PROVIDE VALUE. To ensure those social media subscribers become eventual patients, it’s important to bring them in by capturing their information through a lead form, Sorenson said. “Offer potential patients the opportunity to download resources for free, to sign up for your email alerts, or to join your social media channels,” Sorenson said. “Allow them to come to you—even if it’s three, six, or ten months down the road.” Once you have the attention of those customers, you can show them what makes your practice stand apart.
“If you want to be successful, you have to provide more value than anyone else,” Sorenson said. “One of the biggest challenges in health care marketing is that most audiology practices offer the same products and types of services. You must determine what differentiates you from everyone else—find out how you stand out in the crowd.”
Sorenson recommended thinking about digital marketing as an extension of the sixty-minute visit. “In a sixty-minute evaluation, you only have that much time to replace a patient’s entire lifetime of beliefs or stigmas about audiologists or hearing devices.
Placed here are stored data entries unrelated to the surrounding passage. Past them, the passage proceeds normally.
lemma harm_bernpoly_conv_minus_half:
  assumes "even N" "N \<ge> 2"
  shows "harm_bernpoly_conv N (-(1/2)) (1/2)
    = (harm (N - 1) * bernpoly N (1/2)
       + (\<Sum>i=1..N-1. real (N choose i) / real i * bernpoly i (1/2) * bernpoly (N - i) (1/2))
       + 2 * (bernoulli N - bernpoly N (1/2)) - (1/2) ^ (N - 1)) / real N"
proof -
  let ?h = "\<lambda>k. bernpoly k (1/2)"
  let ?T = "\<Sum>i=1..N-1. real (N choose i) * (-(1/2)) ^ (i - 1) * ?h (N - i)"
  have "bernpoly i (-(1/2)) = ?h i - real i * (-(1/2)) ^ (i - 1)" for i
    using bernpoly_add_1[of i "-(1/2)"] by simp
  moreover have "C / m * (p - m * q) * r = C / m * p * r - C * q * r" if "m \<noteq> 0" for C m p q r :: real
    using that by (simp add: field_simps)
  ultimately have "(\<Sum>i=1..N-1. real (N choose i) / real i * bernpoly i (-(1/2)) * ?h (N - i))
      = (\<Sum>i=1..N-1. real (N choose i) / real i * ?h i * ?h (N - i)) - ?T"
    unfolding sum_subtractf[symmetric] by (intro sum.cong) auto
  moreover have "?T = - 2 * (\<Sum>i=1..N-1. real (N choose i) * (-(1/2)) ^ i * ?h (N - i))"
    unfolding sum_distrib_left by (intro sum.cong) (auto simp: power_eq_if)
  moreover have "(1/2 :: real) ^ N = (1/2) ^ (N - 1) / 2"
    using assms(2) by (cases N) simp_all
  ultimately show ?thesis
    using sum_binomial_bernpoly_eq[of N "1/2"] assms by (simp add: harm_bernpoly_conv_def)
qed

lemma bernpoly_product_sum_half:
  assumes "even N" "N \<ge> 2"
  shows "bernpoly_product_sum N (1/2) 0
    = (harm (N - 1) * (bernoulli N + bernpoly N (1/2))
       + (\<Sum>i=1..N-1. real (N choose i) / real i * bernpoly i (1/2)
            * (bernoulli (N - i) + bernpoly (N - i) (1/2)))) / real N
      + 2 * bernpoly N (1/2) / real N ^ 2"
proof -
  let ?h = "\<lambda>k. bernpoly k (1/2)"
  let ?S1 = "\<Sum>i=1..N-1. real (N choose i) / real i * ?h i * bernoulli (N - i)"
  let ?S2 = "\<Sum>i=1..N-1. real (N choose i) / real i * ?h i * ?h (N - i)"
  have "bernpoly_product_sum N (1/2) 0 = harm_bernpoly_conv N (1/2) 0
      + harm_bernpoly_conv N (-(1/2)) (1/2) + (?h N - bernoulli N) / (real N * (1/2))
      + (?h N + bernpoly N (-(1/2))) / real N ^ 2"
    using bernpoly_product_sum_eq[of N "1/2" 0] assms by simp
  also have "\<dots> = (harm (N - 1) * bernoulli N + ?S1) / real N
      + (harm (N - 1) * ?h N + ?S2 + 2 * (bernoulli N - ?h N) - (1/2) ^ (N - 1)) / real N
      + (?h N - bernoulli N) / (real N * (1/2)) + (?h N + (?h N + real N * (1/2) ^ (N - 1))) / real N ^ 2"
  proof -
    have "bernpoly N (-(1/2)) = ?h N + real N * (1/2) ^ (N - 1)"
      using bernpoly_add_1[of N "-(1/2)"] assms by simp
    then show ?thesis
      unfolding harm_bernpoly_conv_minus_half[OF assms] by (simp add: harm_bernpoly_conv_def)
  qed
  also have "\<dots> = (harm (N - 1) * (bernoulli N + ?h N) + (?S1 + ?S2)) / real N + 2 * ?h N / real N ^ 2"
  proof -
    have "(H * b + S1) / n + (H * h + S2 + 2 * (b - h) - q) / n + (h - b) / (n * (1/2))
        + (h + (h + n * q)) / n ^ 2 = (H * (b + h) + (S1 + S2)) / n + 2 * h / n ^ 2"
      if "n \<noteq> 0" for H h b q n S1 S2 :: real
      using that by (simp add: field_simps power2_eq_square)
    then show ?thesis
      using assms by simp
  qed
  also have "?S1 + ?S2 = (\<Sum>i=1..N-1. real (N choose i) / real i * ?h i * (bernoulli (N - i) + ?h (N - i)))"
    unfolding sum.distrib[symmetric] by (simp add: distrib_left)
  finally show ?thesis .
qed

lemma bernpoly_half_odd_eq_0:
  assumes "odd k" "k \<noteq> 1"
  shows "bernpoly k (1/2) = 0"
  using bernoulli_odd_eq_0[OF assms] by (simp add: bernpoly_half)

lemma sum_bernoulli_bar_eq_bernpoly_product_sum:
  assumes "n \<ge> 2"
  shows "(\<Sum>k=1..n-1. bernoulli (2*k) * bernoulli_bar (2*n - 2*k) / (real (2*k) * real (2*n - 2*k)))
    = bernpoly_product_sum (2*n) (1/2) 0"
proof -
  define f where "f i = bernoulli i * bernpoly (2*n - i) (1/2) / (real i * real (2*n - i))" for i
  have f_odd: "f (2 * k + 1) = 0" for k
    using assms bernoulli_odd_eq_0[of "2 * k + 1"] bernpoly_half_odd_eq_0[of "2 * n - 1"]
    by (cases "k = 0") (simp_all add: f_def)
  have "(\<Sum>k=1..n-1. bernoulli (2*k) * bernoulli_bar (2*n - 2*k) / (real (2*k) * real (2*n - 2*k)))
      = (\<Sum>k=1..n-1. f (2 * k))"
    by (simp add: f_def bernoulli_bar_eq_bernpoly_half)
  also have "\<dots> = (\<Sum>i=1..2*(n-1). f i)"
    using f_odd by (rule sum_even_eq_sum)
  also have "\<dots> = (\<Sum>i=1..2*n-1. f i)"
  proof -
    have "2 * n - 1 = Suc (2 * (n - 1))"
      using assms by simp
    then show ?thesis
      using f_odd[of "n - 1"] by simp
  qed
  finally show ?thesis
    by (simp add: bernpoly_product_sum_def f_def)
qed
You only have sixty minutes to build a rapport, to give the patient an incredible experience, and to educate them,” he said.
But with digital marketing, treatment starts at the first touchpoint—not when the patient shows up to the office. “If you could help break down some of the obstacles through marketing and nurture post-marketing such as automated follow-up before the patient even has an appointment, you have created a powerful combination to help that patient have the right mindset when they show up and to continue providing care after they leave,” Sorenson said.
MARKETING AMID COVID-19
The emotion that comes from providing exceptional patient care is what audiologists should focus on when they devise a digital marketing strategy, Saldida said. “You could post fourteen different ads about hearing aids and gadgets, but one multimedia post or blog about how you’re helping to change the community will grab the audience’s attention more,” she said. Sorenson agreed: “Focusing on a device or the patient saving money is just advertising. Telling a story and understanding patients emotionally is what will get them to respond.”
When marketing with COVID-19 messaging, that emotion is more important than ever. “You can’t just shoot out facts, figures, and statistics and expect people to respond,” noted Saldida. “What will benefit your marketing during the pandemic is to stay grounded, emotional, and as human as possible.” To accomplish that, Wendt said it’s important to share a message with patients that it’s safe to receive care at your clinic and that they should not prolong care out of fear. “You can share the specific ways you’re making your patients feel at ease, such as cleaning measures, waiting room procedures, or extended office hours so fewer patients are in the building,” she said.
Buchholtz warned that as the pandemic evolves, patients will likely forget some marketing strategies, no matter how strong your efforts. “As providers, we understand that hearing health care is not the number on thing on a patient’s mind,” he said. “We have to be consistent and make sure patients understand that we care, that we are here to help them, and that we are willing to do anything we can to ensure they receive the care they deserve.”